Every line below from the one containing "x \<longleftrightarrow> (\<forall>z." through the one containing "x \<longleftrightarrow> (\<forall>y" must be transcribed exactly. Omit all lines outside that stretch.

[Dataset entries]
○ ○ ○ ○
lemma dot_on_scale: "dot_on J a (\<lambda>j. c * v j) = c * dot_on J a v"
  unfolding dot_on_def by (simp add: sum_distrib_left mult.left_commute)

lemma dot_on_sum:
  "dot_on J a (\<lambda>j. \<Sum>l<r. c l * t l j) = (\<Sum>l<r. c l * dot_on J a (t l))"
  unfolding dot_on_def by (simp add: sum_distrib_left sum.swap[of _ J] mult.left_commute)

lemma dot_on_insert:
  "finite J \<Longrightarrow> i \<notin> J \<Longrightarrow> dot_on (insert i J) a v = a i * v i + dot_on J a v"
  unfolding dot_on_def by simp

lemma dot_on_upd_other: "i \<notin> J \<Longrightarrow> dot_on J (a(i := \<alpha>)) v = dot_on J a v"
  unfolding dot_on_def by (intro sum.cong) auto

lemma dot_on_delta:
  assumes "finite J" "i \<in> J"
  shows "dot_on J (\<lambda>j. if j = i then \<sigma> else 0) v = \<sigma> * v i"
proof -
  have "dot_on J (\<lambda>j. if j = i then \<sigma> else 0) v = (\<Sum>j\<in>J. if j = i then \<sigma> * v j else 0)"
    unfolding dot_on_def by (intro sum.cong) auto
  also have "\<dots> = \<sigma> * v i"
    using assms by simp
  finally show ?thesis .
qed

lemma pos_comb_closedD:
  "pos_comb_closed P \<Longrightarrow> x \<in> P \<Longrightarrow> y \<in> P \<Longrightarrow> 0 < s \<Longrightarrow> 0 < t \<Longrightarrow> (\<lambda>j. s * x j + t * y j) \<in> P"
  unfolding pos_comb_closed_def by blast

lemma pos_comb_closed_bounds_ordered:
  assumes P: "pos_comb_closed P"
    and nonneg: "\<And>z. z \<in> P \<Longrightarrow> z i = 0 \<Longrightarrow> 0 \<le> dot_on J a z"
    and w: "w \<in> P" "0 < w i" and v: "v \<in> P" "v i < 0"
  shows "- dot_on J a w / w i \<le> dot_on J a v / - v i"
proof -
  have "(\<lambda>j. - v i * w j + w i * v j) \<in> P"
    by (rule pos_comb_closedD[OF P w(1) v(1)]) (use w v in auto)
  then have "0 \<le> dot_on J a (\<lambda>j. - v i * w j + w i * v j)"
    by (rule nonneg) simp
  then have "0 \<le> - v i * dot_on J a w + w i * dot_on J a v"
    by (simp only: dot_on_lincomb)
  with w(2) v(2) show ?thesis
    by (simp add: field_simps)
qed

text \<open>Fourier--Motzkin elimination of the coordinate \<open>i\<close>.\<close>
lemma pos_comb_closed_extend_functional:
  assumes P: "pos_comb_closed P"
    and x: "x \<in> P" "x i < 0" and y: "y \<in> P" "0 < y i"
    and nonneg: "\<And>z. z \<in> P \<Longrightarrow> z i = 0 \<Longrightarrow> 0 \<le> dot_on J a z"
  shows "\<exists>\<alpha>. \<forall>w\<in>P. 0 \<le> \<alpha> * w i + dot_on J a w"
proof -
  define L where "L = {- dot_on J a w / w i | w. w \<in> P \<and> 0 < w i}"
  define U where "U = {dot_on J a v / - v i | v. v \<in> P \<and> v i < 0}"
  have L_le_U: "l \<le> u" if "l \<in> L" "u \<in> U" for l u
    using that pos_comb_closed_bounds_ordered[OF P nonneg] unfolding L_def U_def by blast
  have "L \<noteq> {}"
    using y unfolding L_def by blast
  obtain u0 where "u0 \<in> U"
    using x unfolding U_def by blast
  then have bdd: "bdd_above L"
    using L_le_U by (intro bdd_aboveI[of _ u0])
  show ?thesis
  proof (intro exI ballI)
    fix w assume "w \<in> P"
    consider "0 < w i" | "w i < 0" | "w i = 0" by linarith
    then show "0 \<le> Sup L * w i + dot_on J a w"
    proof cases
      case 1
      then have "- dot_on J a w / w i \<le> Sup L"
        using \<open>w \<in> P\<close> bdd by (intro cSup_upper) (auto simp: L_def)
      then show ?thesis
        using 1 by (simp add: field_simps)
    next
      case 2
      then have "Sup L \<le> dot_on J a w / - w i"
        using \<open>w \<in> P\<close> \<open>L \<noteq> {}\<close> L_le_U by (intro cSup_least) (auto simp: U_def)
      then show ?thesis
        using 2 by (simp add: field_simps)
    qed (use \<open>w \<in> P\<close> nonneg in simp)
  qed
qed

lemma pos_comb_closed_hyperplane: "pos_comb_closed P \<Longrightarrow> pos_comb_closed {z \<in> P. z i = 0}"
  unfolding pos_comb_closed_def by auto

lemma one_signed_coordinate:
  assumes "\<not> (\<exists>x\<in>P. \<exists>y\<in>P. x i < 0 \<and> 0 < y i)"
  obtains \<sigma> :: real where "\<sigma> \<noteq> 0" "\<forall>x\<in>P. 0 \<le> \<sigma> * x i"
proof (cases "\<forall>x\<in>P. 0 \<le> x i")
  case True
  with that[of 1] show ?thesis
    by simp
next
  case False
  with assms have "\<forall>x\<in>P. x i \<le> 0"
    by (meson not_le)
  with that[of "- 1"] show ?thesis
    by simp
qed

lemma pos_comb_closed_separation:
  assumes "finite J" "P \<subseteq> supported_on J" "pos_comb_closed P" "(\<lambda>j. 0) \<notin> P" "P \<noteq> {}"
  shows "\<exists>a. (\<exists>j\<in>J. a j \<noteq> 0) \<and> (\<forall>x\<in>P. 0 \<le> dot_on J a x)"
  using assms
proof (induction J arbitrary: P rule: finite_induct)
  case empty
  then have "P \<subseteq> {\<lambda>j. 0}"
    by (auto simp: supported_on_def fun_eq_iff)
  with empty.prems(3,4) show ?case
    by blast
next
  case (insert i J)
  show ?case
  proof (cases "\<exists>x\<in>P. \<exists>y\<in>P. x i < 0 \<and> 0 < y i")
    case True
    then obtain x y where x: "x \<in> P" "x i < 0" and y: "y \<in> P" "0 < y i"
      by blast
    define P' where "P' = {z \<in> P. z i = 0}"
    have "(\<lambda>j. y i * x j + - x i * y j) \<in> P"
      by (rule pos_comb_closedD[OF insert.prems(2) x(1) y(1)]) (use x y in auto)
    then have "P' \<noteq> {}"
      unfolding P'_def by (auto simp: algebra_simps)
    moreover have "P' \<subseteq> supported_on J" "(\<lambda>j. 0) \<notin> P'"
      using insert.prems(1,3) unfolding P'_def supported_on_def by auto
    ultimately obtain a where a: "\<exists>j\<in>J. a j \<noteq> 0" "\<forall>z\<in>P'. 0 \<le> dot_on J a z"
      using insert.IH[of P'] pos_comb_closed_hyperplane[OF insert.prems(2)] unfolding P'_def by blast
    obtain \<alpha> where "\<forall>w\<in>P. 0 \<le> \<alpha> * w i + dot_on J a w"
      using pos_comb_closed_extend_functional[OF insert.prems(2) x y] a(2) unfolding P'_def by blast
    then have "\<forall>w\<in>P. 0 \<le> dot_on (insert i J) (a(i := \<alpha>)) w"
      using insert.hyps by (simp add: dot_on_insert dot_on_upd_other)
    moreover have "\<exists>j\<in>insert i J. (a(i := \<alpha>)) j \<noteq> 0"
      using a(1) insert.hyps(2) by force
    ultimately show ?thesis
      by blast
  next
    case False
    then obtain \<sigma> :: real where "\<sigma> \<noteq> 0" "\<forall>x\<in>P. 0 \<le> \<sigma> * x i"
      by (rule one_signed_coordinate)
    with insert.hyps(1) show ?thesis
      by (intro exI[of _ "\<lambda>j. if j = i then \<sigma> else 0"]) (auto simp: dot_on_delta)
  qed
qed
lemma weyl_defect_lower_invariant: "rho (lower y) weyl_defect = weyl_defect"
proof (cases "y = 0")
  case True
  then show ?thesis
    by (simp add: lower_def mat1_eq_mat2[symmetric] rho_one)
next
  case False
  obtain k where k: "weyl_cell_ind k (mat2 0 1 1 y) = 0"
    using weyl_cell_ind_eventually_zero[of "mat2 0 1 1 y"] by auto
  have LW: "lower y ** weyl = weyl ** upper y" "lower y ** weyl = mat2 0 1 1 y"
    by (simp_all add: lower_def weyl_def upper_def)
  have "defect (lower y ** weyl) (weyl_cell_ind k) = rho (lower y) weyl_defect"
  proof -
    have "defect (lower y) (rt weyl (weyl_cell_ind k)) = 0"
      using k LW(2) by (intro defect_eq_0_if_vanishes right_transl_Ind weyl_cell_ind_Ind)
        (simp_all add: right_transl_def)
    then show ?thesis
      using defect_cocycle[of "lower y" weyl "weyl_cell_ind k"] defect_weyl[OF weyl_cell_ind_Ind] by simp
  qed
  moreover have "defect (weyl ** upper y) (weyl_cell_ind k) = weyl_defect"
  proof -
    have "rt (upper y) (weyl_cell_ind k) weyl = 0" "rt (upper y) (weyl_cell_ind k) (mat 1) = 1"
      using k LW Ind_Borel[OF weyl_cell_ind_Ind upper_Borel, of k y]
      by (simp_all add: right_transl_def upper_def)
    then show ?thesis
      using defect_right_Borel[OF _ upper_Borel weyl_cell_ind_Ind] defect_weyl[OF right_transl_Ind[OF weyl_cell_ind_Ind]]
      by simp
  qed
  ultimately show ?thesis
    using LW(1) by simp
qed
(* Let $G=(V,E,L)$ be a complete hypergraph with loops, with $n:=|V|$ nodes, such that $L=L^+=\{\{j,j\}\}$ for some $j\in V$ (a single plus loop and no minus loops). Then $$\mathrm{PP}(G)=\Big\{z\in\mathbb{R}^{V\cup E\cup L}:\ z_{jj}\ \ge \sum_{J\subseteq V:\, j\in J}\frac{\big(\ell_n(J,V\setminus J)\big)^2}{\ell_{n-1}(J\setminus\{j\},V\setminus J)},\quad \ell_n(J,V\setminus J)\ge 0\ \ \forall J\subseteq V\Big\}.$$
   Context: A hypergraph with loops is a triple $G=(V,E,L)$ where $V$ is a finite node set, $E$ is a set of subsets of $V$ each of cardinality at least two (edges), and $L$ is a set of loops, each written $\{i,i\}$ for some $i\in V$ (at most one per node), partitioned as $L=L^-\cup L^+$ into minus loops and plus loops. $G$ is complete if $E$ consists of all subsets of $V$ of cardinality at least two. For such $G$, $$\mathrm{PP}(G):=\mathrm{conv}\Big\{z\in\mathbb{R}^{V\cup E\cup L}: z_{ii}\ge z_i^2\ \forall\{i,i\}\in L^+,\ z_{ii}\le z_i^2\ \forall \{i,i\}\in L^-,\ z_e=\prod_{i\in e}z_i\ \forall e\in E,\ z_i\in[0,1]\ \forall i\in V\Big\},$$ where coordinates are indexed by nodes ($z_i$), edges ($z_e$) and loops ($z_{ii}$). For a subset $S\subseteq V$ write $z_S$ with the conventions $z_\emptyset:=1$, $z_{\{i\}}:=z_i$, and $z_S$ the edge coordinate when $|S|\ge2$ (loop coordinates $z_{ii}$ are distinct from these). For disjoint $J_1,J_2\subseteq V$ with $|J_1\cup J_2|=d$, define $\ell_d(J_1,J_2):=\sum_{t\subseteq J_2}(-1)^{|t|}z_{J_1\cup t}$. Any expression $u^2/v$ denotes the closure of the perspective: it equals $u^2/v$ if $v>0$, $0$ if $u=v=0$, and $+\infty$ if $u\ne0$, $v=0$. *)

theory Defs
  imports "HOL-Analysis.Analysis" "HOL-Library.Extended_Real"
begin

text \<open>Node set V is the finite type 'v (V = UNIV). A point of R^(V \<union> E \<union> L) with
  L = {{j,j}} is a pair (w, y): w $ S is the node coordinate z_i for S = {i},
  the edge coordinate z_S for card S \<ge> 2; the coordinate w $ {} is unused and fixed to 0;
  y is the loop coordinate z_jj.\<close>

definition zS :: "real ^ ('v::finite set) \<Rightarrow> 'v set \<Rightarrow> real" where
  "zS w S = (if S = {} then 1 else w $ S)"
(* (Provably in $\mathsf{Z}^-_{\mathrm{FTM}\omega}$.) Let $U,V$ be any sets. Then $U\times V$ is a set, and the collection $\mathcal P_{\mathrm{fin}}(U)$ of all finite subsets of $U$ and the collection $U^{<\omega}$ of all finite sequences of elements of $U$ are sets as well.
   Context: $\mathsf{Z}^-_{\mathrm{FTM}\omega}$ is Zermelo set theory without Power Set and Choice (Extensionality, Pairing, Union, Infinity, Regularity, Separation) plus: (FC) every set $X$ has a superset $Y$ such that every finite $x\subseteq Y$ belongs to $Y$; (TS) every set has a transitive superset; (MC) every set binary relation $A$ that is well-founded and extensional admits a transitive set $X$ and a bijection $\eta$ from its field onto $X$ with $jAk\iff\eta(j)\in\eta(k)$; (Count) every set admits an injection into $\omega$. *)

theory Defs
  imports Main
begin

text \<open>A model of set theory is a type 'a with a binary membership relation
  e :: 'a => 'a => bool (e x y means "x is an element of y").
  Provability in a first-order theory is rendered as truth in every model
  (Goedel completeness).\<close>

section \<open>First-order formulas of the language {member} (for the Separation schema)\<close>

datatype fm =
    FMem nat nat
  | FEq nat nat
  | FNeg fm
  | FAnd fm fm
  | FEx nat fm

fun sat :: "('a \<Rightarrow> 'a \<Rightarrow> bool) \<Rightarrow> (nat \<Rightarrow> 'a) \<Rightarrow> fm \<Rightarrow> bool" where
  "sat e env (FMem i j) = e (env i) (env j)"
| "sat e env (FEq i j) = (env i = env j)"
| "sat e env (FNeg p) = (\<not> sat e env p)"
| "sat e env (FAnd p q) = (sat e env p \<and> sat e env q)"
| "sat e env (FEx i p) = (\<exists>a. sat e (env(i := a)) p)"

definition subset_m :: "('a \<Rightarrow> 'a \<Rightarrow> bool) \<Rightarrow> 'a \<Rightarrow> 'a \<Rightarrow> bool" where
  "subset_m e x y \<longleftrightarrow> (\<forall>z. e z x \<longrightarrow> e z y)"

definition empty_m :: "('a \<Rightarrow> 'a \<Rightarrow> bool) \<Rightarrow> 'a \<Rightarrow> bool" where
  "empty_m e x \<longleftrightarrow> (\<forall>z. \<not> e z x)"

definition transitive_m :: "('a \<Rightarrow> 'a \<Rightarrow> bool) \<Rightarrow> 'a \<Rightarrow> bool" where
  "transitive_m e x \<longleftrightarrow> (\<forall>y z. e y x \<and> e z y \<longrightarrow> e z x)"

definition upair_m :: "('a \<Rightarrow> 'a \<Rightarrow> bool) \<Rightarrow> 'a \<Rightarrow> 'a \<Rightarrow> 'a \<Rightarrow> bool" where
  "upair_m e a b p \<longleftrightarrow> (\<forall>z. e z p \<longleftrightarrow> z = a \<or> z = b)"

definition pair_m :: "('a \<Rightarrow> 'a \<Rightarrow> bool) \<Rightarrow> 'a \<Rightarrow> 'a \<Rightarrow> 'a \<Rightarrow> bool" where
  "pair_m e a b p \<longleftrightarrow> (\<exists>s t. upair_m e a a s \<and> upair_m e a b t \<and> upair_m e s t p)"

definition succ_m :: "('a \<Rightarrow> 'a \<Rightarrow> bool) \<Rightarrow> 'a \<Rightarrow> 'a \<Rightarrow> bool" where
  "succ_m e x y \<longleftrightarrow> (\<forall>z. e z y \<longleftrightarrow> e z x \<or> z = x)"

definition inductive_m :: "('a \<Rightarrow> 'a \<Rightarrow> bool) \<Rightarrow> 'a \<Rightarrow> bool" where
  "inductive_m e x \<longleftrightarrow> (\<exists>z0. empty_m e z0 \<and> e z0 x) \<and> (\<forall>y. e y x \<longrightarrow> (\<exists>s. succ_m e y s \<and> e s x))"

definition omega_m :: "('a \<Rightarrow> 'a \<Rightarrow> bool) \<Rightarrow> 'a \<Rightarrow> bool" where
  "omega_m e w \<longleftrightarrow> inductive_m e w \<and> (\<forall>x. inductive_m e x \<longrightarrow> subset_m e w x)"

definition in_omega_m :: "('a \<Rightarrow> 'a \<Rightarrow> bool) \<Rightarrow> 'a \<Rightarrow> bool" where
  "in_omega_m e n \<longleftrightarrow> (\<exists>w. omega_m e w \<and> e n w)"

definition rel_m :: "('a \<Rightarrow> 'a \<Rightarrow> bool) \<Rightarrow> 'a \<Rightarrow> 'a \<Rightarrow> 'a \<Rightarrow> bool" where
  "rel_m e r a b \<longleftrightarrow> (\<exists>p. e p r \<and> pair_m e a b p)"

definition relation_m :: "('a \<Rightarrow> 'a \<Rightarrow> bool) \<Rightarrow> 'a \<Rightarrow> bool" where
  "relation_m e r \<longleftrightarrow> (\<forall>p. e p r \<longrightarrow> (\<exists>a b. pair_m e a b p))"

definition function_m :: "('a \<Rightarrow> 'a \<Rightarrow> bool) \<Rightarrow> 'a \<Rightarrow> bool" where
  "function_m e f \<longleftrightarrow> relation_m e f \<and>
     (\<forall>a b b'. rel_m e f a b \<and> rel_m e f a b' \<longrightarrow> b = b')"

definition dom_is_m :: "('a \<Rightarrow> 'a \<Rightarrow> bool) \<Rightarrow> 'a \<Rightarrow> 'a \<Rightarrow> bool" where
  "dom_is_m e f A \<longleftrightarrow> (\<forall>a. e a A \<longleftrightarrow> (\<exists>b. rel_m e f a b))"

definition ran_is_m :: "('a \<Rightarrow> 'a \<Rightarrow> bool) \<Rightarrow> 'a \<Rightarrow> 'a \<Rightarrow> bool" where
  "ran_is_m e f B \<longleftrightarrow> (\<forall>b. e b B \<longleftrightarrow> (\<exists>a. rel_m e f a b))"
○ ○ ○ ○
FINISHED TASK:
  "empty_m e x \<longleftrightarrow> (\<forall>z. \<not> e z x)"

definition transitive_m :: "('a \<Rightarrow> 'a \<Rightarrow> bool) \<Rightarrow> 'a \<Rightarrow> bool" where
  "transitive_m e x \<longleftrightarrow> (\<forall>y z. e y x \<and> e z y \<longrightarrow> e z x)"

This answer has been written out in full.